9.1 - A Working Data Set9.1 - A Working Data Set
Throughout this lesson, we will investigate a number of examples that illustrate how to create different informats and formats for several different variables. To do so, we will use a subset of the demographic (or "background") data collected on 638 subjects once enrolled in the National Institute of Health's Interstitial Cystitis Data Base (ICDB) Study. Not surprisingly, the ICDB Study collected data on people who were diagnosed as having interstitial cystitis! The primary reason for conducting the study was that interstitial cystitis is a poorly understood condition that causes severe bladder and pelvic pain, urinary frequency, and painful urination in the absence of any identifiable cause. Although the disease is more prevalent in women, it affects both men and women of all ages. For the ICDB Study, each subject was enrolled at one of seven clinical centers and was evaluated four times a year for as many as four years.

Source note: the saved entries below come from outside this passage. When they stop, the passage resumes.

(* Let $M$ be a set of $m\ge1$ sources and $N$ a set of $n$ sinks, let $\mathbf{d}:M\to\mathbb{Z}_{\ge0}$ satisfy $n = 1+\sum_{\mu}\mathbf{d}(\mu)$, and let $P_{\mathbf{d}}$ be the transportation polytope with supply $\mathbf{m}(\mu)=1+m\,\mathbf{d}(\mu)$ for $\mu\in M$ and demand $\mathbf{n}(\nu)=m$ for $\nu\in N$. Then the map $x\mapsto \operatorname{supp}(x)$ is a bijection from the vertex set of $P_{\mathbf{d}}$ to $\mathcal{T}_{\mathbf{d}}$, and two vertices of $P_{\mathbf{d}}$ are adjacent in the $1$-skeleton of $P_{\mathbf{d}}$ if and only if their supports are adjacent in the pivoting graph $\mathcal{G}_{\mathbf{d}}$ (so the $1$-skeleton of $P_{\mathbf{d}}$ is isomorphic to $\mathcal{G}_{\mathbf{d}}$ via this map).
   Context: For supply $\mathbf{m}:M\to\mathbb{R}_{\ge0}$ and demand $\mathbf{n}:N\to\mathbb{R}_{\ge0}$ with equal totals, the transportation polytope is $P_{\mathbf{m},\mathbf{n}}=\{x\in\mathbb{R}_{\ge0}^{M\times N} : \sum_\nu x_{\mu,\nu}=\mathbf{m}(\mu)\ \forall\mu,\ \sum_\mu x_{\mu,\nu}=\mathbf{n}(\nu)\ \forall\nu\}$. The support $\operatorname{supp}(x)$ is the subgraph of $K_{M,N}$ consisting of edges $(\mu,\nu)$ with $x_{\mu,\nu}>0$. $\mathcal{T}_{\mathbf{d}}$ is the set of spanning trees of $K_{M,N}$ in which each source $\mu$ has degree exactly $1+\mathbf{d}(\mu)$. Pivoting: for $T\in\mathcal{T}_{\mathbf{d}}$ and an edge $\varepsilon\notin T$, let $\varepsilon'$ be the other edge, incident to the source endpoint of $\varepsilon$, of the unique cycle in $T\cup\{\varepsilon\}$; then $(T\setminus\{\varepsilon'\})\cup\{\varepsilon\}$ is obtained by pivoting. $\mathcal{G}_{\mathbf{d}}$ is the graph on $\mathcal{T}_{\mathbf{d}}$ whose edges are pairs of trees related by a pivot. *)

theory Defs
  imports "HOL-Analysis.Analysis"
begin

text \<open>Sources are the elements of a finite type 'm (M = UNIV), sinks the elements of a
finite type 'n (N = UNIV). A subgraph is given by its edge set E :: ('m \<times> 'n) set.\<close>

definition edge_ends :: "'m \<times> 'n \<Rightarrow> ('m + 'n) set" where
  "edge_ends e = {Inl (fst e), Inr (snd e)}"

definition adjrel :: "('m \<times> 'n) set \<Rightarrow> (('m + 'n) \<times> ('m + 'n)) set" where
  "adjrel E = {(u, v). \<exists>e\<in>E. edge_ends e = {u, v}}"

definition is_cycle :: "('m \<times> 'n) set \<Rightarrow> ('m + 'n) list \<Rightarrow> bool" where
  "is_cycle E vs \<longleftrightarrow> length vs \<ge> 3 \<and> distinct vs \<and>
     (\<forall>i < length vs. (vs ! i, vs ! ((i + 1) mod length vs)) \<in> adjrel E)"

definition cycle_edges :: "('m \<times> 'n) set \<Rightarrow> ('m + 'n) list \<Rightarrow> ('m \<times> 'n) set" where
  "cycle_edges E vs = {e \<in> E. \<exists>i < length vs. edge_ends e = {vs ! i, vs ! ((i + 1) mod length vs)}}"

definition connected_graph :: "('m \<times> 'n) set \<Rightarrow> bool" where
  "connected_graph E \<longleftrightarrow> (\<forall>u v. (u, v) \<in> (adjrel E)\<^sup>*)"

definition acyclic_graph :: "('m \<times> 'n) set \<Rightarrow> bool" where
  "acyclic_graph E \<longleftrightarrow> (\<nexists>vs. is_cycle E vs)"

text \<open>Spanning tree of K_{M,N} (all vertices of 'm + 'n are vertices of the subgraph).\<close>
definition spanning_tree :: "('m::finite \<times> 'n::finite) set \<Rightarrow> bool" where
  "spanning_tree T \<longleftrightarrow> connected_graph T \<and> acyclic_graph T"
lemma self_adjoint_mat_matmul:
  assumes "self_adjoint_mat n A" "self_adjoint_mat n B" "commuting_mat n A B"
  shows "self_adjoint_mat n (matmul n A B)"
  unfolding self_adjoint_mat_def matvec_matmul
proof (intro allI)
  fix x y
  have "dot n (matvec n A (matvec n B x)) y = dot n x (matvec n B (matvec n A y))"
    using self_adjoint_matD[OF assms(1)] self_adjoint_matD[OF assms(2)] by metis
  also have "\<dots> = dot n x (matvec n A (matvec n B y))"
    using commuting_matD[OF assms(3)] by (intro dot_cong) simp_all
  finally show "dot n (matvec n A (matvec n B x)) y = dot n x (matvec n A (matvec n B y))" .
qed

lemma commuting_mat_matmul:
  assumes "commuting_mat n A C" "commuting_mat n B C"
  shows "commuting_mat n (matmul n A B) C"
  unfolding commuting_mat_def matvec_matmul
proof (intro allI impI)
  fix x a assume "a < n"
  have "matvec n A (matvec n B (matvec n C x)) = matvec n A (matvec n C (matvec n B x))"
    using commuting_matD[OF assms(2)] by (intro matvec_cong) simp
  then show "matvec n A (matvec n B (matvec n C x)) a = matvec n C (matvec n A (matvec n B x)) a"
    using commuting_matD[OF assms(1) \<open>a < n\<close>] by simp
qed

lemma involutive_mat_matmul:
  assumes "involutive_mat n A" "involutive_mat n B" "commuting_mat n A B"
  shows "involutive_mat n (matmul n A B)"
  unfolding involutive_mat_def matvec_matmul
proof (intro allI impI)
  fix x a assume a: "a < n"
  have "matvec n A (matvec n B (matvec n A (matvec n B x))) = matvec n A (matvec n A (matvec n B (matvec n B x)))"
    by (rule matvec_cong) (rule commuting_matD[OF assms(3), symmetric])
  then show "matvec n A (matvec n B (matvec n A (matvec n B x))) a = x a"
    using involutive_matD[OF assms(1) a] involutive_matD[OF assms(2) a] by simp
qed
lemma has_real_derivative_gradient_along_line:
  fixes g :: "real^'n \<Rightarrow> real^'n"
  assumes "(g has_derivative (\<lambda>h. H *v h)) (at (p + s *\<^sub>R b))"
  shows "((\<lambda>s. g (p + s *\<^sub>R b) \<bullet> a) has_real_derivative (H *v b) \<bullet> a) (at s)"
proof -
  have "((\<lambda>s. p + s *\<^sub>R b) has_derivative (\<lambda>h. h *\<^sub>R b)) (at s)"
    by (auto intro!: derivative_eq_intros)
  from has_derivative_inner_left[OF has_derivative_compose[OF this assms]] show ?thesis
    unfolding has_field_derivative_def
    by (rule has_derivative_eq_rhs) (simp add: fun_eq_iff matrix_vector_mult_scaleR mult.commute)
qed

lemma mixed_second_difference_mean_value:
  fixes \<phi> :: "real^'n \<Rightarrow> real"
  assumes d1: "\<And>y. (\<phi> has_derivative (\<lambda>h. g y \<bullet> h)) (at y)"
    and d2: "\<And>y. (g has_derivative (\<lambda>h. H y *v h)) (at y)" and "t > 0"
  shows "\<exists>y. norm (y - p) \<le> t * (norm a + norm b) \<and>
     \<phi> (p + t *\<^sub>R a + t *\<^sub>R b) - \<phi> (p + t *\<^sub>R a) - \<phi> (p + t *\<^sub>R b) + \<phi> p = t\<^sup>2 * ((H y *v b) \<bullet> a)"
proof -
  define D where "D s = \<phi> ((p + t *\<^sub>R b) + s *\<^sub>R a) - \<phi> (p + s *\<^sub>R a)" for s
  have dD: "(D has_real_derivative (g ((p + t *\<^sub>R b) + s *\<^sub>R a) \<bullet> a - g (p + s *\<^sub>R a) \<bullet> a)) (at s)" for s
    unfolding D_def by (intro DERIV_diff has_real_derivative_along_line d1)
  obtain \<xi> where \<xi>: "0 < \<xi>" "\<xi> < t"
    "D t - D 0 = t * (g ((p + t *\<^sub>R b) + \<xi> *\<^sub>R a) \<bullet> a - g (p + \<xi> *\<^sub>R a) \<bullet> a)"
    using MVT2[OF \<open>t > 0\<close> dD] by auto
  define G where "G s = g ((p + \<xi> *\<^sub>R a) + s *\<^sub>R b) \<bullet> a" for s
  have dG: "(G has_real_derivative (H ((p + \<xi> *\<^sub>R a) + s *\<^sub>R b) *v b) \<bullet> a) (at s)" for s
    unfolding G_def by (intro has_real_derivative_gradient_along_line d2)
  obtain \<eta> where \<eta>: "0 < \<eta>" "\<eta> < t" "G t - G 0 = t * ((H ((p + \<xi> *\<^sub>R a) + \<eta> *\<^sub>R b) *v b) \<bullet> a)"
    using MVT2[OF \<open>t > 0\<close> dG] by auto
  define y where "y = (p + \<xi> *\<^sub>R a) + \<eta> *\<^sub>R b"
  have "norm (y - p) \<le> \<xi> * norm a + \<eta> * norm b"
    using \<xi> \<eta> norm_triangle_ineq[of "\<xi> *\<^sub>R a" "\<eta> *\<^sub>R b"] by (simp add: y_def)
  also have "\<dots> \<le> t * (norm a + norm b)"
    using \<xi> \<eta> by (simp add: distrib_left add_mono mult_right_mono)
  finally have "norm (y - p) \<le> t * (norm a + norm b)" .
  moreover have "\<phi> (p + t *\<^sub>R a + t *\<^sub>R b) - \<phi> (p + t *\<^sub>R a) - \<phi> (p + t *\<^sub>R b) + \<phi> p = t * (G t - G 0)"
    using \<xi>(3) by (simp add: D_def G_def algebra_simps)
  ultimately show ?thesis using \<eta>(3) by (intro exI[of _ y]) (simp add: y_def power2_eq_square)
qed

It will probably be helpful for you to take a peek at the background data form on which the data were collected. In order to run the SAS programs in this lesson, you'll need to save the background data set to a directory on your computer. To do so, right-click the link and select the "Save Link As" option. A Save dialog box will appear and allow you to save the data file to the location you choose on your computer.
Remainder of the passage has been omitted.